Asked by Punch when the governors, known as Integrity Group would unveil their preferred candidate, the source said, “From all indications, the governors will announce their preferred candidate next week. If there is no major event before January 5 when Makinde will kick off his campaign, they will make the announcement on that day in Ibadan.’’

An aide to another governor dismissed reports that the group were divided over the choice of the presidential candidate to endorse.

According to the source, at the London meeting on Tuesday, the governors agreed that since Atiku failed to prevail on Ayu to step down, they should work for a southern candidate.

Speaking on the alleged cracks in the rank of the governors, the source stated, “Not really, but they have different approaches to the issue. Some of them have nothing against Atiku. But none of the governors will come out to speak against the joint decision of the group that the presidency should come to the South. If Ayu has stepped down, they would have supported Atiku.’’

But other sources are insisting that the unity of the Integrity Group may be hanging by a thread, as there seems to be a crack in the fold.

The contention, it was learnt, involves who to support between Obi and the All Progressives Congress standard bearer, Bola Tinubu.

Wike had said at several fora that nobody can break the ranks of the G5, adding that attempts to do so by their detractors had collapsed.

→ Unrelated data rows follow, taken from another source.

(* Consider a single user with $N$ movable antennas at positions $\mathbf w=[w_1,\dots,w_N]^T$, power $P>0$, aperture $W>0$, $L$ propagation paths, and channel $\mathbf G(\mathbf w)=\sqrt{MN}\,\mathbf A_{\mathrm R}\boldsymbol\Gamma\mathbf A_{\mathrm T}^H(\mathbf w)\in\mathbb C^{M\times N}$. Let $\mathcal W=\{\mathbf w\in\mathbb R^N:0\le w_n\le W\ \forall n,\ w_n\ne w_{n'}\ \forall n\ne n'\}$. Consider the problems $$\text{(A)}:\ \max_{\mathbf Q,\mathbf w}\ \log|\mathbf G(\mathbf w)\mathbf Q\mathbf G^H(\mathbf w)+\mathbf I_M|\ \text{ s.t. } \mathbf Q\in\mathbb C^{N\times N},\ \mathbf Q\succeq\mathbf 0,\ \mathrm{tr}(\mathbf Q)\le P,\ \mathbf w\in\mathcal W,$$ $$\text{(B)}:\ \max_{\mathbf F,\mathbf w}\ \log|\mathbf G^H(\mathbf w)\mathbf F\mathbf G(\mathbf w)+\mathbf I_N|\ \text{ s.t. } \mathbf F\in\mathbb C^{M\times M},\ \mathbf F\succeq\mathbf 0,\ \mathrm{tr}(\mathbf F)\le P,\ \mathbf w\in\mathcal W,$$ and, for fixed $\mathbf w$, the subproblems (A$_{\mathbf w}$): maximize the objective of (A) over $\mathbf Q\succeq\mathbf 0$, $\mathrm{tr}(\mathbf Q)\le P$; and (B$_{\mathbf w}$): maximize the objective of (B) over $\mathbf F\succeq\mathbf 0$, $\mathrm{tr}(\mathbf F)\le P$. Suppose $(\mathbf Q^*,\mathbf w^* )$ is an optimal solution of (A) and $(\mathbf F^\divideontimes,\mathbf w^\divideontimes)$ is an optimal solution of (B). Then: 1. $\log|\mathbf G(\mathbf w^* )\mathbf Q^*\mathbf G^H(\mathbf w^* )+\mathbf I_M|=\log|\mathbf G^H(\mathbf w^\divideontimes)\mathbf F^\divideontimes\mathbf G(\mathbf w^\divideontimes)+\mathbf I_N|$. 2. If $\mathbf F^*$ is an optimal solution of (B$_{\mathbf w^*}$), then $(\mathbf F^*,\mathbf w^* )$ is an optimal solution of (B), and $\log|\mathbf G^H(\mathbf w^* )\mathbf F^*\mathbf G(\mathbf w^* )+\mathbf I_N|=\log|\mathbf G^H(\mathbf w^\divideontimes)\mathbf F^\divideontimes\mathbf G(\mathbf w^\divideontimes)+\mathbf I_N|$. 3. If $\mathbf Q^\divideontimes$ is an optimal solution of (A$_{\mathbf w^\divideontimes}$), then $(\mathbf Q^\divideontimes,\mathbf w^\divideontimes)$ is an optimal solution of (A), and $\log|\mathbf G(\mathbf w^* )\mathbf Q^*\mathbf G^H(\mathbf w^* )+\mathbf I_M|=\log|\mathbf G(\mathbf w^\divideontimes)\mathbf Q^\divideontimes\mathbf G^H(\mathbf w^\divideontimes)+\mathbf I_M|$.
   Context: The base station has an $M$-antenna uniform linear array with spacing $d=\lambda/2$ ($\lambda$ the wavelength). The $L$ paths have complex gains $\gamma_l$, angles of arrival $\beta_l\in[0,\pi]$ and angles of departure $\theta_l\in[0,\pi]$. $\mathbf a_{\mathrm R}(\beta)=\frac1{\sqrt M}[1,e^{-j\frac{2\pi}{\lambda}d\cos\beta},\dots,e^{-j\frac{2\pi}{\lambda}(M-1)d\cos\beta}]^T$, $\mathbf a_{\mathrm T}(\theta,\mathbf w)=\frac1{\sqrt N}[e^{-j\frac{2\pi}{\lambda}w_1\cos\theta},\dots,e^{-j\frac{2\pi}{\lambda}w_N\cos\theta}]^T$, $\mathbf A_{\mathrm R}=[\mathbf a_{\mathrm R}(\beta_l)]_{l=1}^L\in\mathbb C^{M\times L}$, $\mathbf A_{\mathrm T}(\mathbf w)=[\mathbf a_{\mathrm T}(\theta_l,\mathbf w)]_{l=1}^L\in\mathbb C^{N\times L}$, $\boldsymbol\Gamma=\mathrm{diag}(\gamma_1,\dots,\gamma_L)$. $|\cdot|$ denotes determinant. *)

theory Defs
  imports "Jordan_Normal_Form.Schur_Decomposition"
begin

text \<open>Receive steering matrix A_R = [a_R(beta_l)]_l (M x L), ULA with spacing d = lam/2;
  antenna index m = 0..M-1.\<close>
definition A_R :: "nat \<Rightarrow> nat \<Rightarrow> real \<Rightarrow> (nat \<Rightarrow> real) \<Rightarrow> complex mat" where
  "A_R M L lam beta = mat M L (\<lambda>(m, l).
      exp (- \<i> * complex_of_real (2 * pi / lam * (real m * (lam / 2)) * cos (beta l)))
      / complex_of_real (sqrt (real M)))"

text \<open>Transmit steering matrix A_T(w) = [a_T(theta_l, w)]_l (N x L); antenna n = 0..N-1
  sits at position w $ n.\<close>
definition A_T :: "nat \<Rightarrow> nat \<Rightarrow> real \<Rightarrow> (nat \<Rightarrow> real) \<Rightarrow> real vec \<Rightarrow> complex mat" where
  "A_T N L lam theta w = mat N L (\<lambda>(n, l).
      exp (- \<i> * complex_of_real (2 * pi / lam * (w $ n) * cos (theta l)))
      / complex_of_real (sqrt (real N)))"

definition Gamma_mat :: "nat \<Rightarrow> (nat \<Rightarrow> complex) \<Rightarrow> complex mat" where
  "Gamma_mat L gamma = mat L L (\<lambda>(i, j). if i = j then gamma i else 0)"

definition chan :: "nat \<Rightarrow> nat \<Rightarrow> nat \<Rightarrow> real \<Rightarrow> (nat \<Rightarrow> complex) \<Rightarrow> (nat \<Rightarrow> real)
    \<Rightarrow> (nat \<Rightarrow> real) \<Rightarrow> real vec \<Rightarrow> complex mat" where
  "chan M N L lam gamma beta theta w =
     complex_of_real (sqrt (real (M * N))) \<cdot>\<^sub>m
       (A_R M L lam beta * Gamma_mat L gamma * mat_adjoint (A_T N L lam theta w))"

definition psd :: "nat \<Rightarrow> complex mat \<Rightarrow> bool" where
  "psd n Q \<longleftrightarrow> Q \<in> carrier_mat n n \<and> mat_adjoint Q = Q \<and>
     (\<forall>x \<in> carrier_vec n. Im (conjugate x \<bullet> (Q *\<^sub>v x)) = 0 \<and> Re (conjugate x \<bullet> (Q *\<^sub>v x)) \<ge> 0)"

definition posset :: "nat \<Rightarrow> real \<Rightarrow> real vec set" where
  "posset N W = {w. dim_vec w = N \<and> (\<forall>n<N. 0 \<le> w $ n \<and> w $ n \<le> W) \<and>
                    (\<forall>n<N. \<forall>n'<N. n \<noteq> n' \<longrightarrow> w $ n \<noteq> w $ n')}"

definition mtrace :: "complex mat \<Rightarrow> complex" where
  "mtrace Q = (\<Sum>i<dim_row Q. Q $$ (i, i))"

definition cov_feas :: "nat \<Rightarrow> real \<Rightarrow> complex mat \<Rightarrow> bool" where
  "cov_feas n P Q \<longleftrightarrow> psd n Q \<and> Re (mtrace Q) \<le> P"

definition objA :: "complex mat \<Rightarrow> complex mat \<Rightarrow> real" where
  "objA G Q = ln (Re (det (G * Q * mat_adjoint G + 1\<^sub>m (dim_row G))))"

definition objB :: "complex mat \<Rightarrow> complex mat \<Rightarrow> real" where
  "objB G F = ln (Re (det (mat_adjoint G * F * G + 1\<^sub>m (dim_col G))))"

definition optA :: "(real vec \<Rightarrow> complex mat) \<Rightarrow> nat \<Rightarrow> real \<Rightarrow> real \<Rightarrow> complex mat \<Rightarrow> real vec \<Rightarrow> bool" where
  "optA Gf N W P Q w \<longleftrightarrow> cov_feas N P Q \<and> w \<in> posset N W \<and>
     (\<forall>Q' w'. cov_feas N P Q' \<and> w' \<in> posset N W \<longrightarrow> objA (Gf w') Q' \<le> objA (Gf w) Q)"

definition optB :: "(real vec \<Rightarrow> complex mat) \<Rightarrow> nat \<Rightarrow> nat \<Rightarrow> real \<Rightarrow> real \<Rightarrow> complex mat \<Rightarrow> real vec \<Rightarrow> bool" where
  "optB Gf M N W P F w \<longleftrightarrow> cov_feas M P F \<and> w \<in> posset N W \<and>
     (\<forall>F' w'. cov_feas M P F' \<and> w' \<in> posset N W \<longrightarrow> objB (Gf w') F' \<le> objB (Gf w) F)"

definition optA_w :: "(real vec \<Rightarrow> complex mat) \<Rightarrow> nat \<Rightarrow> real \<Rightarrow> real vec \<Rightarrow> complex mat \<Rightarrow> bool" where
  "optA_w Gf N P w Q \<longleftrightarrow> cov_feas N P Q \<and>
     (\<forall>Q'. cov_feas N P Q' \<longrightarrow> objA (Gf w) Q' \<le> objA (Gf w) Q)"

definition optB_w :: "(real vec \<Rightarrow> complex mat) \<Rightarrow> nat \<Rightarrow> real \<Rightarrow> real vec \<Rightarrow> complex mat \<Rightarrow> bool" where
  "optB_w Gf M P w F \<longleftrightarrow> cov_feas M P F \<and>
     (\<forall>F'. cov_feas M P F' \<longrightarrow> objB (Gf w) F' \<le> objB (Gf w) F)"

end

It was learnt that the ambition of Ortom, who is gunning for the Senate and Makinde, who is seeking a second term in office may be hanging in the balance as a result of their faceoff with Ayu.

Besides this, the Benue State governor had not hidden his love and preference for the former Anambra State governor whom he said could deliver Nigeria.

Following moves by the governors to dump Atiku, the leadership of the party said they were at liberty to do so.

The Deputy National Publicity Secretary of the party, Ibrahim Abdullahi said going into the polls a divided house might not be ruled out, saying, “Let’s go to the polls like that. We can’t exhaust all the options, anyways.”